Published online by Cambridge University Press: 05 July 2014
Abstract
The quantum IO monad is a purely functional interface to quantum programming implemented as a Haskell library. At the same time it provides a constructive semantics of quantum programming. The QIO monad separates reversible (i.e., unitary) and irreversible (i.e., probabilistic) computations and provides a reversible let operation (ulet), allowing us to use ancillas (auxiliary qubits) in a modular fashion. QIO programs can be simulated either by calculating a probability distribution or by embedding it into the IO monad using the random number generator. As an example we present a complete implementation of Shor's algorithm.
5.1 Introduction
We present an interface from a pure functional programming language, Haskell, to quantum programming: the quantum IO monad, and use it to implement Shor's factorization algorithm. The implementation of the QIO monad provides a constructive semantics for quantum programming, i.e., a functional program that can also be understood as a mathematical model of quantum computing.
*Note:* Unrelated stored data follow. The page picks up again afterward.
lemma
  fixes d :: "nat \<Rightarrow> real"
  assumes nonneg: "\<And>n. 0 \<le> d n"
    and radial: "\<And>r. 0 \<le> r \<Longrightarrow> r < 1 \<Longrightarrow> summable (\<lambda>n. d n * r^(2*n)) \<and> m r = (\<Sum>n. d n * r^(2*n))"
  shows bdd_above_radial_sums_iff: "bdd_above (m ` {0..<1}) \<longleftrightarrow> summable d"
    and SUP_radial_sums: "summable d \<Longrightarrow> (SUP r\<in>{0..<1}. m r) = suminf d"
proof -
  have bdd: "bdd_above (m ` {0..<1})" if "summable d"
    by (rule bdd_aboveI2[where M = "suminf d"]) (use radial radial_sum_le_suminf nonneg that in auto)
  moreover have "summable d" if "bdd_above (m ` {0..<1})"
  proof -
    from that obtain M where "\<forall>r\<in>{0..<1}. m r \<le> M"
      by (auto simp: bdd_above_def)
    then show ?thesis
      using summable_of_bounded_radial_sums(1)[OF nonneg] radial by fastforce
  qed
  ultimately show "bdd_above (m ` {0..<1}) \<longleftrightarrow> summable d"
    by auto
  assume "summable d"
  show "(SUP r\<in>{0..<1}. m r) = suminf d"
  proof (rule antisym)
    show "(SUP r\<in>{0..<1}. m r) \<le> suminf d"
      by (rule cSUP_least) (use radial radial_sum_le_suminf nonneg \<open>summable d\<close> in auto)
    have "m r \<le> (SUP r\<in>{0..<1}. m r)" if "0 \<le> r" "r < 1" for r
      by (rule cSUP_upper[OF _ bdd[OF \<open>summable d\<close>]]) (use that in auto)
    then show "suminf d \<le> (SUP r\<in>{0..<1}. m r)"
      using summable_of_bounded_radial_sums(2)[OF nonneg] radial by fastforce
  qed
qed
Actually, the Haskell QIO library is only a first approximation of such a semantics; we would like to move to a more expressive language that is also logically sound. Here we are thinking of a language such as Agda (Norell 2007), which is based on Martin Löf's type theory. We have already investigated this approach of functional specifications of effects in a classical context (Swierstra and Altenkirch 2007, 2008; Swierstra 2008). At the same time the QIO monad provides a high-level interface to a hypothetical quantum computer.